Sometimes, we wanna couple multiple dataframes together. In this note, I use df as DataFrame, s as Series.

Libraries

import pandas as pd
import numpy as np

Coupling dfs with merge()

There are 4 types of merging, like in SQL.

  • Inner: only includes elements that appear in both dataframes with a common key.
  • Outer: includes all data from both dataframes.
  • Left: includes all of the rows from the “left” dataframe along with any rows from the “right” dataframe with a common key; the result retains all columns from both of the original dataframes.
  • Right: includes all of the rows from the “right” dataframe along with any rows from the “left” dataframe with a common key; the result retains all columns from both of the original dataframes.

Types of merge

On the same column name,

# left
df_left = pd.merge(left=df1, right=df2, how='left', on='Col_1', suffixes=('_df1', '_df2'))
# right
df_right = pd.merge(left=df1, right=df2, how='right', on='Col_1', suffixes=('_df1', '_df2'))

display_side_by_side(df1, df2, df_left, df_right)
Col_1 Col_2
0 A 1
1 E 3
2 C NaN
3 D NaN
4 B 2
Col_1 Col_2
0 A 1
1 B 2
2 C -3
3 F -4
4 E NaN
Col_1 Col_2_df1 Col_2_df2
0 A 1 1
1 E 3 NaN
2 C NaN -3
3 D NaN NaN
4 B 2 2
Col_1 Col_2_df1 Col_2_df2
0 A 1 1
1 E 3 NaN
2 C NaN -3
3 B 2 2
4 F NaN -4
# inner (defaut)
df_inner = pd.merge(left=df1, right=df2, on='Col_1', suffixes=('_df1', '_df2'))
# outer
df_outer = pd.merge(left=df1, right=df2, how='outer', on='Col_1', suffixes=('_df1', '_df2'))

display_side_by_side(df1, df2, df_inner, df_outer)
Col_1 Col_2
0 A 1
1 E 3
2 C NaN
3 D NaN
4 B 2
Col_1 Col_2
0 A 1
1 B 2
2 C -3
3 F -4
4 E NaN
Col_1 Col_2_df1 Col_2_df2
0 A 1 1
1 E 3 NaN
2 C NaN -3
3 B 2 2
Col_1 Col_2_df1 Col_2_df2
0 A 1 1
1 E 3 NaN
2 C NaN -3
3 D NaN NaN
4 B 2 2
5 F NaN -4

On the different column names,

# left
df_left = pd.merge(left=df1, right=df2, how='left', left_on='Col_1', right_on='Col_X', suffixes=('_df1', '_df2'))
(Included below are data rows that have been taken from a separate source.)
lemma unique_additive_approx:
  fixes f H H' :: "'a::real_normed_vector \<Rightarrow> 'b::real_normed_vector"
  assumes "1 < p"
    and add: "\<And>x y. H (x + y) = H x + H y" and add': "\<And>x y. H' (x + y) = H' x + H' y"
    and approx: "\<And>x. norm (f x - H x) \<le> C * norm x powr p"
    and approx': "\<And>x. norm (f x - H' x) \<le> C' * norm x powr p"
  shows "H = H'"
proof
  fix x
  have "H x - H' x = 0"
  proof (rule additive_eq_zero_if_norm_le_powr[where h = "\<lambda>x. H x - H' x"])
    show "H (x + y) - H' (x + y) = H x - H' x + (H y - H' y)" for x y
      by (simp add: add add')
    show "norm (H y - H' y) \<le> (C + C') * norm y powr p" for y
      using norm_triangle_ineq4[of "f y - H' y" "f y - H y"] approx[of y] approx'[of y]
      by (simp add: algebra_simps)
  qed (fact \<open>1 < p\<close>)
  then show "H x = H' x"
    by simp
qed


section \<open>Approximate homomorphisms of Hilbert modules\<close>

lemma complex_eq_add_units:
  fixes l :: complex
  assumes "cmod l \<le> 2"
  obtains \<mu> \<nu> where "cmod \<mu> = 1" "cmod \<nu> = 1" "l = \<mu> + \<nu>"
proof
  define e where "e = (if l = 0 then 1 else l / complex_of_real (cmod l))"
  define a where "a = cmod l / 2"
  define w where "w = Complex a (sqrt (1 - a\<^sup>2))"
  have "0 \<le> a" "a \<le> 1"
    using assms by (simp_all add: a_def)
  then have "cmod w = 1"
    by (simp add: w_def complex_norm power_le_one)
  moreover have "cmod e = 1"
    by (simp add: e_def norm_divide)
  ultimately show "cmod (e * w) = 1" "cmod (e * cnj w) = 1"
    by (simp_all add: norm_mult)
  have "w + cnj w = complex_of_real (cmod l)"
    by (simp add: w_def a_def complex_eq_iff)
  then show "l = e * w + e * cnj w"
    by (simp add: e_def flip: distrib_left)
qed

lemma hscale_equivariant_if_unit_equivariant:
  assumes "hilbert_module A M" and "hilbert_module B N"
    and add: "\<And>x y. h (x + y) = h x + h y"
    and unit: "\<And>\<mu> x. cmod \<mu> = 1 \<Longrightarrow> h (hscale M \<mu> x) = hscale N \<mu> (h x)"
  shows "h (hscale M l x) = hscale N l (h x)"
proof -
  interpret hA: hilbert_mod A M by (rule hilbert_mod.intro) fact
  interpret hB: hilbert_mod B N by (rule hilbert_mod.intro) fact
  define m :: nat where "m = nat \<lceil>cmod l\<rceil> + 1"
  have "cmod l \<le> real m" "0 < m"
    unfolding m_def by linarith+
  then have "cmod (l / of_nat m) \<le> 2"
    by (simp add: norm_divide divide_le_eq)
  then obtain \<mu> \<nu> where units: "cmod \<mu> = 1" "cmod \<nu> = 1" and "l / of_nat m = \<mu> + \<nu>"
    by (rule complex_eq_add_units)
  with \<open>0 < m\<close> have l: "l = complex_of_real (real m) * (\<mu> + \<nu>)"
    by (simp add: field_simps)
  show ?thesis
    unfolding l hA.hscale_mult hB.hscale_mult hA.hscale_real hB.hscale_real
      hA.hscale_addl hB.hscale_addl
    by (simp add: additive_scaleR_of_nat[of h, OF add] add unit units)
qed

locale approx_hmod_hom = hA: hilbert_mod A M + hB: hilbert_mod B N
  for A :: "('a::{real_normed_algebra,banach}) cstar_ops"
    and M :: "('a, 'x::banach) hmod_ops"
    and B :: "('b::{real_normed_algebra,banach}) cstar_ops"
    and N :: "('b, 'y::banach) hmod_ops" +
  fixes f :: "'x \<Rightarrow> 'y" and p \<theta> :: real
  assumes three_less_p: "3 < p"
    and approx_hscale_add: "\<And>\<mu> x y. cmod \<mu> = 1 \<Longrightarrow>
      norm (f (hscale M \<mu> x + y) - hscale N \<mu> (f x) - f y)
        \<le> \<theta> * (norm x powr p + norm y powr p)"
    and approx_triple: "\<And>x y z.
      norm (f (hact M (hip M x y) z) - hact N (hip N (f x) (f y)) (f z))
        \<le> \<theta> * (norm x powr p + norm y powr p + norm z powr p)"

sublocale approx_hmod_hom \<subseteq> approx_additive f p \<theta>
  using three_less_p approx_hscale_add[of 1] by unfold_locales simp_all

context approx_hmod_hom
begin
display_side_by_side(df1, df2, df_left)
Col_1 Col_2
0 A 1
1 E 3
2 C NaN
3 D NaN
4 B 2
Col_X Col_2
0 A 1
1 B 2
2 C -3
3 F -4
4 E NaN
Col_1 Col_2_df1 Col_X Col_2_df2
0 A 1 A 1
1 E 3 E NaN
2 C NaN C -3
3 D NaN NaN NaN
4 B 2 B 2

The result keeps both Col_1 and Col_X while in the case of the same column name, there is only 1 column. Other words, in this case, we only want to keep Col_1 and don’t need Col_X. How to do that?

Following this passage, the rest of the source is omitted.